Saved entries

(* Fix $r\in(0,|\xi|_c)$ and let $\alpha(s)=\alpha(r;s)$ for $s>0$. Then: (1) $\alpha\in C^{0,1}_{loc}((0,\infty))\cap C^0((0,\infty))$ and $\alpha$ is strictly increasing in $s$; (2) there exist constants $C_0,C_1,C_2>0$ depending on $\rho_\pm,\mu_\pm,\sigma_\pm,b,g,r$ such that for all $s>0$ $$\alpha(s)\le-C_0+sC_1\quad\text{and}\quad\alpha(s)\ge-\frac{2g(\rho_+-\rho_-)}{\rho_-}r+sC_2.$$
   Context: Fix $b,g>0$, $\rho_+>\rho_->0$, $\mu_\pm>0$, $\sigma_\pm\ge0$ (either both zero or both positive); $[\![\rho]\!]=\rho_+-\rho_-$. Let $\rho(x_3),\mu(x_3)$ equal $\rho_+,\mu_+$ on $(0,1)$ and $\rho_-,\mu_-$ on $(-b,0)$. $X=\{\psi\in H^2((-b,1)):\psi(-b)=\psi'(-b)=0\}$. For $r>0,s>0$: $E(\psi;r,s)=\frac12\int_{-b}^1s\mu(4r^2|\psi'|^2+|r^2\psi+\psi''|^2)dx_3+\frac12r^2(\sigma_+r^2+g\rho_+)|\psi(1)|^2+\frac12r^2(\sigma_-r^2-g[\![\rho]\!])|\psi(0)|^2$, $J(\psi;r)=\frac12\int_{-b}^1\rho(r^2|\psi|^2+|\psi'|^2)dx_3$, $\alpha(r;s)=\inf\{E(\psi;r,s):\psi\in X,\ J(\psi;r)=1\}$. $|\xi|_c=\sqrt{g[\![\rho]\!]/\sigma_-}$ if $\sigma_->0$, $|\xi|_c=\infty$ if $\sigma_-=0$. *)

theory Defs
  imports "HOL-Analysis.Analysis"
begin

text \<open>Piecewise coefficients: upper fluid on (0,1), lower fluid on (-b,0).
  The value at the single point 0 is irrelevant (measure zero).\<close>
definition pw :: "real \<Rightarrow> real \<Rightarrow> real \<Rightarrow> real" where
  "pw vp vm x = (if x > 0 then vp else vm)"

text \<open>H^2 on the bounded interval [a,c], via its continuous representative:
  psi is differentiable on [a,c] with derivative psi1, psi1 is absolutely continuous
  with weak derivative psi2 (psi1 x = psi1 a + integral of psi2 over [a,x]),
  and psi2 is square integrable.\<close>
definition H2_triple :: "real \<Rightarrow> real \<Rightarrow> (real \<Rightarrow> real) \<Rightarrow> (real \<Rightarrow> real) \<Rightarrow> (real \<Rightarrow> real) \<Rightarrow> bool" where
  "H2_triple a c psi psi1 psi2 \<longleftrightarrow>
     (\<forall>x\<in>{a..c}. (psi has_real_derivative psi1 x) (at x within {a..c})) \<and>
     set_integrable lborel {a..c} psi2 \<and>
     set_integrable lborel {a..c} (\<lambda>x. (psi2 x)\<^sup>2) \<and>
     (\<forall>x\<in>{a..c}. psi1 x = psi1 a + (LINT t:{a..x}|lborel. psi2 t))"

definition in_X :: "real \<Rightarrow> (real \<Rightarrow> real) \<Rightarrow> (real \<Rightarrow> real) \<Rightarrow> (real \<Rightarrow> real) \<Rightarrow> bool" where
  "in_X b psi psi1 psi2 \<longleftrightarrow> H2_triple (-b) 1 psi psi1 psi2 \<and> psi (-b) = 0 \<and> psi1 (-b) = 0"

definition energyE ::
  "real \<Rightarrow> real \<Rightarrow> real \<Rightarrow> real \<Rightarrow> real \<Rightarrow> real \<Rightarrow> real \<Rightarrow> real \<Rightarrow>
   (real \<Rightarrow> real) \<Rightarrow> (real \<Rightarrow> real) \<Rightarrow> (real \<Rightarrow> real) \<Rightarrow> real \<Rightarrow> real \<Rightarrow> real" where
  "energyE b g rhop rhom mup mum sigp sigm psi psi1 psi2 r s =
     1/2 * (LINT x:{-b..1}|lborel. s * pw mup mum x * (4 * r\<^sup>2 * (psi1 x)\<^sup>2 + (r\<^sup>2 * psi x + psi2 x)\<^sup>2))
     + 1/2 * r\<^sup>2 * (sigp * r\<^sup>2 + g * rhop) * (psi 1)\<^sup>2
     + 1/2 * r\<^sup>2 * (sigm * r\<^sup>2 - g * (rhop - rhom)) * (psi 0)\<^sup>2"

definition functJ ::
  "real \<Rightarrow> real \<Rightarrow> real \<Rightarrow> (real \<Rightarrow> real) \<Rightarrow> (real \<Rightarrow> real) \<Rightarrow> real \<Rightarrow> real" where
  "functJ b rhop rhom psi psi1 r =
     1/2 * (LINT x:{-b..1}|lborel. pw rhop rhom x * (r\<^sup>2 * (psi x)\<^sup>2 + (psi1 x)\<^sup>2))"

definition alpha ::
  "real \<Rightarrow> real \<Rightarrow> real \<Rightarrow> real \<Rightarrow> real \<Rightarrow> real \<Rightarrow> real \<Rightarrow> real \<Rightarrow> real \<Rightarrow> real \<Rightarrow> real" where
  "alpha b g rhop rhom mup mum sigp sigm r s =
     Inf {energyE b g rhop rhom mup mum sigp sigm psi psi1 psi2 r s | psi psi1 psi2.
            in_X b psi psi1 psi2 \<and> functJ b rhop rhom psi psi1 r = 1}"

definition xi_crit :: "real \<Rightarrow> real \<Rightarrow> real \<Rightarrow> real \<Rightarrow> ereal" where
  "xi_crit g rhop rhom sigm =
     (if sigm > 0 then ereal (sqrt (g * (rhop - rhom) / sigm)) else \<infinity>)"

end

theory Submission
  imports Defs
begin

text \<open>
  For fixed \<open>r\<close> the energy splits as \<open>E(\<psi>; r, s) = s A(\<psi>) + N(\<psi>)\<close>, where the viscous
  part \<open>A\<close> does not depend on \<open>s\<close>. Hence \<open>\<alpha>(r; \<cdot>)\<close> is the lower envelope of a family of
  affine functions of \<open>s\<close>. On the constraint set \<open>J(\<psi>; r) = 1\<close> the slopes are bounded below
  by a positive constant (Poincare inequality, using \<open>\<psi>(-b) = 0\<close>), and the intercepts are
  bounded below because the only negative term, the one with \<open>\<psi>(0)\<^sup>2\<close>, is controlled by a
  trace inequality. Any such envelope is strictly increasing, locally Lipschitz and lies
  above a line of positive slope. Below the critical wavenumber a cubic profile with
  \<open>\<psi>(1) = 0 \<noteq> \<psi>(0)\<close> has negative intercept, which gives the upper line.
\<close>

subsection \<open>Lower envelopes of affine functions\<close>

definition lower_envelope :: "'a set \<Rightarrow> ('a \<Rightarrow> real) \<Rightarrow> ('a \<Rightarrow> real) \<Rightarrow> real \<Rightarrow> real" where
  "lower_envelope I A N s = Inf ((\<lambda>i. s * A i + N i) ` I)"

locale affine_family =
  fixes I :: "'a set" and A N :: "'a \<Rightarrow> real" and c K :: real
  assumes nonempty: "I \<noteq> {}"
    and slope_ge: "\<And>i. i \<in> I \<Longrightarrow> c \<le> A i"
    and intercept_ge: "\<And>i. i \<in> I \<Longrightarrow> - K \<le> N i"
    and slope_pos: "0 < c"
begin

lemma affine_ge:
  assumes "0 \<le> s" "i \<in> I"
  shows "- K + s * c \<le> s * A i + N i"
  using mult_left_mono[OF slope_ge[OF assms(2)] assms(1)] intercept_ge[OF assms(2)] by linarith

lemma lower_envelope_greatest:
  assumes "\<And>i. i \<in> I \<Longrightarrow> y \<le> s * A i + N i"
  shows "y \<le> lower_envelope I A N s"
  unfolding lower_envelope_def using nonempty assms by (auto intro!: cInf_greatest)

lemma lower_envelope_ge: "0 \<le> s \<Longrightarrow> - K + s * c \<le> lower_envelope I A N s"
  by (rule lower_envelope_greatest) (rule affine_ge)

lemma lower_envelope_le:
  assumes "0 \<le> s" "i \<in> I"
  shows "lower_envelope I A N s \<le> s * A i + N i"
  unfolding lower_envelope_def
  using assms affine_ge[OF assms(1)] by (auto intro!: cInf_lower bdd_belowI2)

lemma lower_envelope_increment:
  assumes "0 \<le> s" "s \<le> t"
  shows "lower_envelope I A N s + (t - s) * c \<le> lower_envelope I A N t"
proof (rule lower_envelope_greatest)
  fix i assume i: "i \<in> I"
  have "lower_envelope I A N s \<le> s * A i + N i" by (rule lower_envelope_le[OF assms(1) i])
  moreover have "(t - s) * c \<le> (t - s) * A i" using assms slope_ge[OF i] by (intro mult_left_mono) auto
  ultimately show "lower_envelope I A N s + (t - s) * c \<le> t * A i + N i"
    by (simp add: algebra_simps)
qed

lemma strict_mono_on_lower_envelope: "strict_mono_on {0..} (lower_envelope I A N)"
proof (rule strict_mono_onI)
  fix s t :: real assume "s \<in> {0..}" "s < t"
  then show "lower_envelope I A N s < lower_envelope I A N t"
    using lower_envelope_increment[of s t] slope_pos by (smt (verit) atLeast_iff mult_pos_pos)
qed

text \<open>From \<open>s (t A + N) = t (s A + N) - (t - s) N\<close> and \<open>N \<ge> -K\<close>: the lower bound on the
  intercepts limits how fast the envelope can grow, which gives the local Lipschitz bound.\<close>
lemma lower_envelope_growth:
  assumes "0 < s" "s \<le> t"
  shows "s * lower_envelope I A N t \<le> t * lower_envelope I A N s + (t - s) * K"
proof -
  have "(s * lower_envelope I A N t - (t - s) * K) / t \<le> lower_envelope I A N s"
  proof (rule lower_envelope_greatest)
    fix i assume i: "i \<in> I"
    have "s * lower_envelope I A N t \<le> s * (t * A i + N i)"
      using assms lower_envelope_le[of t i] i by (intro mult_left_mono) auto
    also have "\<dots> = t * (s * A i + N i) + (t - s) * (- N i)" by (simp add: algebra_simps)
    also have "\<dots> \<le> t * (s * A i + N i) + (t - s) * K"
      using assms intercept_ge[OF i] by (intro add_left_mono mult_left_mono) auto
    finally show "(s * lower_envelope I A N t - (t - s) * K) / t \<le> s * A i + N i"
      using assms by (simp add: pos_divide_le_eq algebra_simps)
  qed
  then show ?thesis using assms by (simp add: pos_divide_le_eq algebra_simps)
qed

lemma lipschitz_on_lower_envelope:
  assumes "0 < a" "a \<le> d"
  shows "((lower_envelope I A N d + K) / a)-lipschitz_on {a..d} (lower_envelope I A N)"
proof -
  let ?F = "lower_envelope I A N"
  have step: "\<bar>?F y - ?F x\<bar> \<le> (?F d + K) / a * (y - x)" if "x \<in> {a..d}" "y \<in> {a..d}" "x \<le> y" for x y
  proof -
    have x: "0 < x" "a \<le> x" "x \<le> d" using that assms by auto
    have incr: "0 \<le> ?F y - ?F x"
      using lower_envelope_increment[of x y] that x slope_pos by (smt (verit) mult_nonneg_nonneg)
    have "a * (?F y - ?F x) \<le> x * (?F y - ?F x)" using x incr by (intro mult_right_mono)
    also have "\<dots> \<le> (y - x) * (?F x + K)"
      using lower_envelope_growth[of x y] x that by (simp add: algebra_simps)
    also have "\<dots> \<le> (y - x) * (?F d + K)"
      using lower_envelope_increment[of x d] x that slope_pos
      by (intro mult_left_mono) (auto intro: order_trans[rotated] simp: mult_nonneg_nonneg)
    finally show ?thesis using incr assms by (simp add: pos_le_divide_eq mult.commute)
  qed
  show ?thesis
  proof (rule lipschitz_onI)
    have "0 \<le> ?F d + K" using lower_envelope_ge[of d] assms mult_pos_pos[OF _ slope_pos, of d] by simp
    then show "0 \<le> (?F d + K) / a" using assms by simp
  next
    fix x y assume "x \<in> {a..d}" "y \<in> {a..d}"
    then show "dist (?F x) (?F y) \<le> (?F d + K) / a * dist x y"
      using step[of x y] step[of y x]
      by (cases "x \<le> y") (auto simp: dist_real_def abs_minus_commute)
  qed
qed

lemma continuous_on_lower_envelope: "continuous_on {0<..} (lower_envelope I A N)"
proof (intro continuous_at_imp_continuous_on ballI)
  fix x :: real assume "x \<in> {0<..}"
  then have "continuous_on {x/2..x+1} (lower_envelope I A N)" "x \<in> interior {x/2..x+1}"
    using lipschitz_on_lower_envelope[of "x/2" "x+1"] by (auto intro: lipschitz_on_continuous_on)
  then show "isCont (lower_envelope I A N) x" by (rule continuous_on_interior)
qed
definition Umat :: "int \<Rightarrow> int set \<Rightarrow> int set \<Rightarrow> 'a::field_char_0" where
  "Umat a I J = (if I \<union> {a - 1} = J then 1 else 0)"

definition mmul :: "'i set \<Rightarrow> ('i \<Rightarrow> 'i \<Rightarrow> 'a::field_char_0) \<Rightarrow> ('i \<Rightarrow> 'i \<Rightarrow> 'a) \<Rightarrow> 'i \<Rightarrow> 'i \<Rightarrow> 'a" where
  "mmul X f g I J = (\<Sum>K\<in>X. f I K * g K J)"

fun mpow :: "'i set \<Rightarrow> ('i \<Rightarrow> 'i \<Rightarrow> 'a::field_char_0) \<Rightarrow> nat \<Rightarrow> 'i \<Rightarrow> 'i \<Rightarrow> 'a" where
  "mpow X f 0 = (\<lambda>I J. if I = J then 1 else 0)"
| "mpow X f (Suc n) = mmul X (mpow X f n) f"

end

theory Submission
  imports Defs
begin

text \<open>Delete row \<open>\<ell>\<close> and column \<open>0\<close> of \<open>1 - A\<^sub>k\<close> and expand the resulting determinant along its
  rows in increasing order.  The \<open>(r, c)\<close> entry is \<open>\<beta>\<^sub>c\<^sub>-\<^sub>r\<close>, which vanishes unless \<open>-b \<le> c - r \<le> a\<close>,
  so row \<open>r\<close> can only use a column of the window \<open>[r - b, r + a]\<close>.  The still unused columns of
  the window, translated back by \<open>r\<close>, form the state of the expansion, and expanding one row is
  one multiplication by \<open>T\<close>: the chosen column is \<open>r + s\<close> and \<open>\<epsilon>\<^sub>s\<close> is its Laplace sign.
  Above the deleted row the columns are one step ahead of the rows, which produces \<open>betat\<close> instead
  of \<open>beta\<close> and states of size \<open>a - 1\<close>; \<open>U\<close> adds the missing column when the deleted row is
  passed.  Padding the columns with \<open>k + 1, \<dots>, k + a\<close> keeps the window full to the end, and the
  final state \<open>[0, a - 1]\<close> records that exactly the padding is left unused.\<close>

lemma mem_shift: "x \<in> shift A c \<longleftrightarrow> x - c \<in> A"
  unfolding shift_def by (auto simp: image_iff) (metis diff_add_cancel)

lemma shift_shift [simp]: "shift (shift A c) d = shift A (c + d)"
  unfolding shift_def by (simp add: image_image add.assoc)

lemma shift_0 [simp]: "shift A 0 = A"
  unfolding shift_def by simp

lemma shift_inj: "shift A c = shift B c \<longleftrightarrow> A = B"
  by (metis add.right_inverse shift_0 shift_shift)

lemma shift_diff: "shift (A - B) c = shift A c - shift B c"
  unfolding shift_def by (rule image_set_diff) (simp add: inj_on_def)

lemma shift_insert [simp]: "shift (insert x A) c = insert (x + c) (shift A c)"
  unfolding shift_def by simp

lemma shift_empty [simp]: "shift {} c = {}"
  unfolding shift_def by simp

lemma shift_atLeastAtMost [simp]: "shift {x..y} c = {x + c..y + c}"
  by (auto simp: mem_shift)

lemma card_shift [simp]: "card (shift A c) = card A"
  unfolding shift_def by (rule card_image) (simp add: inj_on_def)

lemma finite_shift [simp]: "finite (shift A c) = finite A"
  unfolding shift_def by (rule finite_image_iff) (simp add: inj_on_def)

lemma finite_subsets_of_atLeastAtMost: "finite (subsets_of n {lo..hi})"
  by (rule finite_subset[of _ "Pow {lo..hi}"]) (auto simp: subsets_of_def)

lemma mmul_assoc: "mmul X (mmul Y f g) h = mmul Y f (mmul X g h)"
  unfolding mmul_def
  by (auto simp: fun_eq_iff sum_distrib_left sum_distrib_right mult.assoc intro: sum.swap)

lemma mmul_mpow_0:
  assumes "finite X" "I \<in> X"
  shows "mmul X (mpow X f 0) g I J = g I J"
  using assms by (simp add: mmul_def if_distrib[of "\<lambda>x. x * _"] cong: if_cong)

lemma mpow_Suc_left:
  assumes "finite X" "I \<in> X" "J \<in> X"
  shows "mpow X f (Suc n) I J = mmul X f (mpow X f n) I J"
  using assms(2,3)
proof (induction n arbitrary: I J)
  case 0
  then show ?case
    using assms(1)
    by (simp add: mmul_def if_distrib[of "\<lambda>x. x * f _ _"] if_distrib[of "\<lambda>x. f _ _ * x"] cong: if_cong)
next
  case (Suc n)
  have "mpow X f (Suc (Suc n)) I J = (\<Sum>K\<in>X. mpow X f (Suc n) I K * f K J)"
    by (simp add: mmul_def)
  also have "\<dots> = (\<Sum>K\<in>X. mmul X f (mpow X f n) I K * f K J)"
    using Suc by (intro sum.cong) auto
  also have "\<dots> = mmul X (mmul X f (mpow X f n)) f I J"
    by (simp only: mmul_def[of X "mmul X f (mpow X f n)" f])
  also have "\<dots> = mmul X f (mpow X f (Suc n)) I J"
    by (simp add: mmul_assoc)
  finally show ?case .
qed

- What you need to do -
The answer is each line from the entries above in which the word "metis" occurs.

- Output -
  unfolding shift_def by (auto simp: image_iff) (metis diff_add_cancel)
  by (metis add.right_inverse shift_0 shift_shift)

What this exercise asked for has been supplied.